1. A system for determining a solution, comprising:
a plurality of nodes operationally associated with one another, each of the plurality of nodes, comprising:
a data repository configured to store information and experiences of a corresponding node;
a processing subsystem operationally coupled to the data repository, and configured to:
generate a target query, receive a target query from one or more nodes in the plurality of nodes, or both;
select one or more target query relevant nodes from the plurality of nodes based upon the target query;
extract target query relevant information and target query relevant experiences from a corresponding data repository;
exchange the target query relevant information and the target query relevant experiences with the one or more target query relevant nodes; and
collectively determine a solution to the target query based upon the exchanged target query relevant information and the target query relevant experiences.
2. The system of claim 1, wherein the plurality of nodes comprises telematics devices, non-telematics devices, peer devices, non-peer devices, or combinations thereof.
3. The system of claim 1, wherein the plurality of nodes are operationally associated with one another via a network.
4. The system of claim 3, wherein the network comprises a satellite network, a local area network, a wide area network, a private network, a wired network, a wireless network, or combinations thereof.
5. The system of claim 1, wherein the plurality of nodes are configured to communicate with the one or more target query relevant nodes via a Bluetooth, a Global System for Mobile Communications (GSM), a General Packet Radio Service method (GPRS), a Worldwide Interoperability for Microwave Access method (Wi-Max), Wi-Fi, 802.15.4 (Zigbee or similar), Internet, or combinations thereof.
6. The system of claim 1, wherein the one or more target query relevant nodes comprise peer nodes, friend nodes, nodes that are expected to have a solution or an experience related to the target query, or combinations thereof.
7. The system of claim 1, wherein the one or more target query relevant nodes are located in a desired geographical area.
8. The system of claim 1, wherein the one or more target query relevant nodes are located in a determined range.
9. The system of claim 1, wherein the system further comprises a traffic information/monitoring and prediction system, an aircraft air and ground traffic monitoring and prediction system, a stock market prediction system, a videogame, a social problem solving system, a prognostics and health maintenance system, a personal companion, or combinations thereof.
10. The system of claim 1, wherein the information stored in the data repository comprises details of the corresponding node in the plurality of nodes.
11. The system of claim 1, wherein the experiences stored in the data repository comprise successful past actions or reactions of the corresponding node in response to a past target query.

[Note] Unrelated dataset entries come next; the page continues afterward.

lemma neg_one_power_diff:
  assumes "\<nu> \<le> m" shows "(-1::real)^(m - \<nu>) = (-1)^m * (-1)^\<nu>"
proof -
  have "(-1::real)^m = (-1)^(m - \<nu>) * (-1)^\<nu>"
    using assms by (simp flip: power_add)
  then have "(-1::real)^m * (-1)^\<nu> = (-1)^(m - \<nu>) * ((-1)^\<nu> * (-1)^\<nu>)"
    by (simp only: mult.assoc)
  also have "\<dots> = (-1)^(m - \<nu>)"
    by (simp flip: power_mult_distrib)
  finally show ?thesis ..
qed

lemma gap_term_even_eq:
  fixes x :: real
  assumes "1 \<le> \<nu>" "\<nu> \<le> m"
  shows "gap_term (2*\<nu> - 1) (m - \<nu>) * x^(2*\<nu>)
    = 24^m * (fact (2*m - 1) / (-96)^m * ((-(x^2))^\<nu> / (fact (2*\<nu> - 1) * fact (\<nu> + m) * fact (m - \<nu>))))"
proof -
  have "2*\<nu> - 1 + 2*(m - \<nu>) = 2*m - 1" "2*m - 1 + 1 = 2*m" "2*\<nu> - 1 + (m - \<nu>) + 1 = \<nu> + m"
    using assms by auto
  then have G: "gap_term (2*\<nu> - 1) (m - \<nu>)
      = (-1)^m * (-1)^\<nu> * fact (2*m - 1) / (2^(2*m) * fact (m - \<nu>) * fact (\<nu> + m) * fact (2*\<nu> - 1))"
    unfolding gap_term_def neg_one_power_diff[OF assms(2)] by (simp only:)
  show ?thesis
    unfolding divide_power_neg_96 neg_power2_power G power_mult by (simp add: divide_simps del: fact_Suc)
qed

lemma gap_term_odd_eq:
  fixes x :: real
  assumes "\<nu> \<le> m"
  shows "gap_term (2*\<nu>) (m - \<nu>) * x^(2*\<nu> + 1)
    = 24^m * x / 2 * (fact (2*m) / (-96)^m * ((-(x^2))^\<nu> / (fact (2*\<nu>) * fact (m - \<nu>) * fact (\<nu> + m + 1))))"
proof -
  have "2*\<nu> + 2*(m - \<nu>) = 2*m" "2*\<nu> + (m - \<nu>) + 1 = \<nu> + m + 1"
    using assms by auto
  then have G: "gap_term (2*\<nu>) (m - \<nu>)
      = (-1)^m * (-1)^\<nu> * fact (2*m) / (2^(2*m + 1) * fact (m - \<nu>) * fact (\<nu> + m + 1) * fact (2*\<nu>))"
    unfolding gap_term_def neg_one_power_diff[OF assms] by (simp only:)
  show ?thesis
    unfolding divide_power_neg_96 neg_power2_power G power_add power_one_right power_mult
    by (simp add: divide_simps del: fact_Suc)
qed

definition kappa :: real where
  "kappa = pi / (3 * sqrt 2)"

lemma kappa_pos: "0 < kappa"
  unfolding kappa_def by simp

lemma kappa_power2: "kappa^2 = pi^2 / 18"
  unfolding kappa_def by (simp add: power_divide power_mult_distrib)

lemma sqrt_24_pi: "sqrt 24 * pi / (24 * sqrt 3) = kappa / 2"
proof -
  have "sqrt 24 = sqrt (4 * (2 * 3::real))"
    by simp
  also have "\<dots> = 2 * sqrt 2 * sqrt 3"
    by (simp only: real_sqrt_mult real_sqrt_four mult.assoc)
  finally have "sqrt 24 = 2 * sqrt 2 * sqrt 3" .
  moreover have "sqrt 2 * sqrt 2 = (2::real)"
    by simp
  ultimately show ?thesis
    unfolding kappa_def by (simp add: field_simps)
qed
lemma strongly_hyperbolic_two_branch_eq:
  assumes sh1: "strongly_hyperbolic f1" and sh2: "strongly_hyperbolic f2"
    and l: "0 < l" and \<delta>: "0 < \<delta>" and \<alpha>: "0 < \<alpha>" and \<beta>: "0 \<le> \<beta>" and \<gamma>: "0 < \<gamma>"
  shows "\<exists>t. 0 < t \<and> t < l \<and> \<alpha> * f2 t - \<beta> * f2 (t + \<delta>) = \<gamma> * f1 (l - t)"
proof -
  define G where "G t = \<alpha> * f2 t - \<beta> * f2 (t + \<delta>) - \<gamma> * f1 (l - t)" for t
  define h where "h = l / 2"
  have h: "0 < h" "h < l"
    using l by (simp_all add: h_def)
  obtain t0 where t0: "0 < t0" "t0 < h" "(\<beta> * f2 \<delta> + \<gamma> * f1 h) / \<alpha> < f2 t0"
    using strongly_hyperbolic_large_near_zero[OF sh2 h(1)] by blast
  obtain s where s: "0 < s" "s < h" "\<alpha> * f2 h / \<gamma> < f1 s"
    using strongly_hyperbolic_large_near_zero[OF sh1 h(1)] by blast
  define t1 where "t1 = l - s"
  have "0 \<le> G t0"
  proof -
    have "\<beta> * f2 (t0 + \<delta>) \<le> \<beta> * f2 \<delta>"
      using strongly_hyperbolic_decreasing[OF sh2 \<delta>, of "t0 + \<delta>"] t0 \<beta> by (simp add: mult_left_mono)
    moreover have "\<gamma> * f1 (l - t0) \<le> \<gamma> * f1 h"
      using strongly_hyperbolic_decreasing[OF sh1 h(1), of "l - t0"] t0 \<gamma> by (simp add: h_def)
    ultimately show ?thesis
      using t0(3) \<alpha> by (simp add: G_def field_simps)
  qed
  moreover have "G t1 \<le> 0"
  proof -
    have "\<alpha> * f2 t1 \<le> \<alpha> * f2 h"
      using strongly_hyperbolic_decreasing[OF sh2 h(1), of t1] s \<alpha> by (simp add: t1_def h_def)
    moreover have "0 \<le> \<beta> * f2 (t1 + \<delta>)"
      using strongly_hyperbolic_pos[OF sh2, of "t1 + \<delta>"] s h \<beta> \<delta> by (simp add: t1_def)
    ultimately show ?thesis
      using s(3) \<gamma> by (simp add: G_def t1_def field_simps)
  qed
  moreover have "continuous_on {t0..t1} G"
    unfolding G_def using t0 s \<delta>
    by (intro continuous_intros continuous_on_strongly_hyperbolic_comp[OF sh1]
        continuous_on_strongly_hyperbolic_comp[OF sh2]) (auto simp: t1_def)
  moreover have "t0 \<le> t1"
    using t0 s by (simp add: t1_def h_def)
  ultimately obtain t where "t0 \<le> t" "t \<le> t1" "G t = 0"
    using IVT2'[of G t1 0 t0] by auto
  then show ?thesis
    using t0 s by (intro exI[of _ t]) (auto simp: G_def t1_def)
qed
context
  fixes P Q :: "'v set" and p q :: 'v
  assumes P: "subspace sc P" and Q: "subspace sc Q"
    and p: "p \<in> P" "p \<notin> Q" and q: "q \<in> Q" "q \<notin> P"
    and sum_P: "ssum P Q = plus_line P q" and sum_Q: "ssum P Q = plus_line Q p"
begin

lemma plus_line_Int_subspace: "subspace sc (plus_line (P \<inter> Q) (p + q))"
  by (rule plus_line_subspace[OF subspace_Int[OF P Q]])

lemma plus_line_Int_subset_ssum: "plus_line (P \<inter> Q) (p + q) \<subseteq> ssum P Q"
proof (rule plus_line_least)
  show "subspace sc (ssum P Q)" by (rule ssum_subspace[OF P Q])
  show "P \<inter> Q \<subseteq> ssum P Q" using subset_ssum_left[OF Q] by blast
  show "p + q \<in> ssum P Q" using p q unfolding ssum_def by blast
qed

lemma ssum_subset_plus_line_Int: "ssum P Q \<subseteq> plus_line (plus_line (P \<inter> Q) (p + q)) p"
proof
  fix n assume "n \<in> ssum P Q"
  then obtain x b where xb: "x \<in> P" "n = x + sc b q" using sum_P unfolding plus_line_def by blast
  then have "x \<in> plus_line Q p" using sum_Q subset_ssum_left[OF Q] by blast
  then obtain y a where ya: "y \<in> Q" "x = y + sc a p" unfolding plus_line_def by blast
  then have "y \<in> P" using xb p subspace_diff[OF P, of x "sc a p"] subspace_scale[OF P] by auto
  then have "y + sc b (p + q) \<in> plus_line (P \<inter> Q) (p + q)"
    using ya unfolding plus_line_def by blast
  moreover have "n = (y + sc b (p + q)) + sc (a - b) p"
    using xb ya by (simp add: scale_add_right scale_diff_left algebra_simps)
  ultimately show "n \<in> plus_line (plus_line (P \<inter> Q) (p + q)) p" unfolding plus_line_def by blast
qed

lemma notin_plus_line_Int: "p \<notin> plus_line (P \<inter> Q) (p + q)"
proof
  assume "p \<in> plus_line (P \<inter> Q) (p + q)"
  then obtain m a where ma: "m \<in> P \<inter> Q" "p = m + sc a (p + q)" unfolding plus_line_def by blast
  show False
  proof (cases "a = 0")
    case True then show False using ma p by auto
  next
    case False
    have "sc a q = p - m - sc a p" using ma by (simp add: scale_add_right algebra_simps)
    moreover have "p - m - sc a p \<in> P"
      using ma p subspace_diff[OF P] subspace_scale[OF P] by blast
    ultimately show False using subspace_scale_cancel[OF P False] q by auto
  qed
qed

lemma plus_line_Int_neq: "plus_line (P \<inter> Q) (p + q) \<noteq> P" "plus_line (P \<inter> Q) (p + q) \<noteq> Q"
proof -
  have pq: "p + q \<in> plus_line (P \<inter> Q) (p + q)" by (rule mem_plus_line[OF subspace_Int[OF P Q]])
  show "plus_line (P \<inter> Q) (p + q) \<noteq> P"
    using pq p q subspace_diff[OF P, of "p + q" p] by auto
  show "plus_line (P \<inter> Q) (p + q) \<noteq> Q"
    using pq p q subspace_diff[OF Q, of "p + q" q] by auto
qed
(* Let $A$ be a noetherian commutative $\mathbb N$-graded ring, $\mathfrak m=A_+$, and $I=(a_1,\dots,a_n)$ an ideal of $A$ with $\mathrm{depth}_{\mathfrak m}(A)>\mathrm{depth}_I(A)$. Then $H^0_{\mathfrak m}\big(H_{n-\mathrm{depth}_I(A)}(\mathbf a;A)\big)=0$, where $H_\bullet(\mathbf a;A)$ is the Koszul homology of $a_1,\dots,a_n$ over $A$.
   Context: $H^0_{\mathfrak m}(N)=\{x\in N:\exists m,\ \mathfrak m^mx=0\}$. $\mathrm{depth}_{\mathfrak a}(A)$ is the grade of the ideal $\mathfrak a$ on $A$. *)

theory Defs
  imports Main "HOL-Library.Extended_Nat"
begin

definition is_ideal :: "'a::comm_ring_1 set \<Rightarrow> bool" where
  "is_ideal I \<longleftrightarrow> 0 \<in> I \<and> (\<forall>x\<in>I. \<forall>y\<in>I. x + y \<in> I) \<and> (\<forall>r. \<forall>x\<in>I. r * x \<in> I)"

definition ideal_gen :: "'a::comm_ring_1 set \<Rightarrow> 'a set" where
  "ideal_gen S = {\<Sum>s\<in>F. r s * s | F r. finite F \<and> F \<subseteq> S}"

definition ideal_pow :: "'a::comm_ring_1 set \<Rightarrow> nat \<Rightarrow> 'a set" where
  "ideal_pow I k = ideal_gen {prod_list xs | xs. length xs = k \<and> set xs \<subseteq> I}"

definition noetherian_ring :: "'a::comm_ring_1 itself \<Rightarrow> bool" where
  "noetherian_ring (_ :: 'a itself) \<longleftrightarrow>
     (\<forall>I :: 'a set. is_ideal I \<longrightarrow> (\<exists>F. finite F \<and> F \<subseteq> I \<and> I = ideal_gen F))"

definition graded_ring :: "(nat \<Rightarrow> 'a::comm_ring_1 set) \<Rightarrow> bool" where
  "graded_ring G \<longleftrightarrow>
     (\<forall>i. 0 \<in> G i \<and> (\<forall>x\<in>G i. \<forall>y\<in>G i. x + y \<in> G i \<and> - x \<in> G i)) \<and>
     (\<forall>i j. \<forall>x\<in>G i. \<forall>y\<in>G j. x * y \<in> G (i + j)) \<and>
     (\<forall>x. \<exists>!c. (\<forall>i. c i \<in> G i) \<and> finite {i. c i \<noteq> 0} \<and> x = (\<Sum>i\<in>{i. c i \<noteq> 0}. c i))"

definition irrelevant_ideal :: "(nat \<Rightarrow> 'a::comm_ring_1 set) \<Rightarrow> 'a set" where
  "irrelevant_ideal G = {\<Sum>i\<in>F. c i | F c. finite F \<and> 0 \<notin> F \<and> (\<forall>i\<in>F. c i \<in> G i)}"

definition weak_regular_seq :: "'a::comm_ring_1 list \<Rightarrow> bool" where
  "weak_regular_seq xs \<longleftrightarrow>
     (\<forall>i<length xs. \<forall>y. xs ! i * y \<in> ideal_gen (set (take i xs)) \<longrightarrow> y \<in> ideal_gen (set (take i xs)))"

text \<open>depth_J(A) = grade of J on A: supremum of lengths of A-regular sequences in J
  (this is \<infinity> exactly when J = A, matching the Ext-definition).\<close>
definition grade :: "'a::comm_ring_1 set \<Rightarrow> enat" where
  "grade J = Sup {enat (length xs) | xs. set xs \<subseteq> J \<and> weak_regular_seq xs}"

text \<open>K_p is free on e_T, T \<subseteq> {0..<n}, |T| = p; chains are coefficient functions.\<close>
definition koszul_chain :: "nat \<Rightarrow> nat \<Rightarrow> (nat set \<Rightarrow> 'a::comm_ring_1) \<Rightarrow> bool" where
  "koszul_chain n p c \<longleftrightarrow> (\<forall>T. c T \<noteq> 0 \<longrightarrow> T \<subseteq> {..<n} \<and> card T = p)"

text \<open>d(e_S) = sum_{j in S} (-1)^{#{i in S. i<j}} a_j e_{S-{j}}, written on coefficients.\<close>
definition koszul_d :: "(nat \<Rightarrow> 'a::comm_ring_1) \<Rightarrow> nat \<Rightarrow> (nat set \<Rightarrow> 'a) \<Rightarrow> nat set \<Rightarrow> 'a" where
  "koszul_d a n c T = (\<Sum>j\<in>{..<n} - T. (-1) ^ card {i\<in>T. i < j} * a j * c (insert j T))"

definition koszul_cycles :: "(nat \<Rightarrow> 'a::comm_ring_1) \<Rightarrow> nat \<Rightarrow> nat \<Rightarrow> (nat set \<Rightarrow> 'a) set" where
  "koszul_cycles a n p = {c. koszul_chain n p c \<and> koszul_d a n c = (\<lambda>_. 0)}"

definition koszul_boundaries :: "(nat \<Rightarrow> 'a::comm_ring_1) \<Rightarrow> nat \<Rightarrow> nat \<Rightarrow> (nat set \<Rightarrow> 'a) set" where
  "koszul_boundaries a n p = {koszul_d a n c | c. koszul_chain n (Suc p) c}"

text \<open>H^0_m(H_p(a;A)) = 0, with H_p = Z_p / B_p: a class killed by some power of m is zero.\<close>
definition koszul_H0_vanishes :: "'a::comm_ring_1 set \<Rightarrow> (nat \<Rightarrow> 'a) \<Rightarrow> nat \<Rightarrow> nat \<Rightarrow> bool" where
  "koszul_H0_vanishes m a n p \<longleftrightarrow>
     (\<forall>z\<in>koszul_cycles a n p.
        (\<exists>k. \<forall>y\<in>ideal_pow m k. (\<lambda>T. y * z T) \<in> koszul_boundaries a n p)
        \<longrightarrow> z \<in> koszul_boundaries a n p)"

end

theory Submission
  imports Defs
begin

12. A method for determining a solution, comprising:
generating a target query by a node in a plurality of nodes, receiving a target query from one or more nodes in the plurality of nodes, or both;
selecting one or more target query relevant nodes from the plurality of nodes based upon the target query;
extracting target query relevant information and target query relevant experiences from a corresponding data repository;
exchanging the target query relevant information and the target query relevant experiences with the one or more target query relevant nodes; and
collectively determining a solution corresponding to the target query based upon the exchanged target query relevant information and the target query relevant experiences.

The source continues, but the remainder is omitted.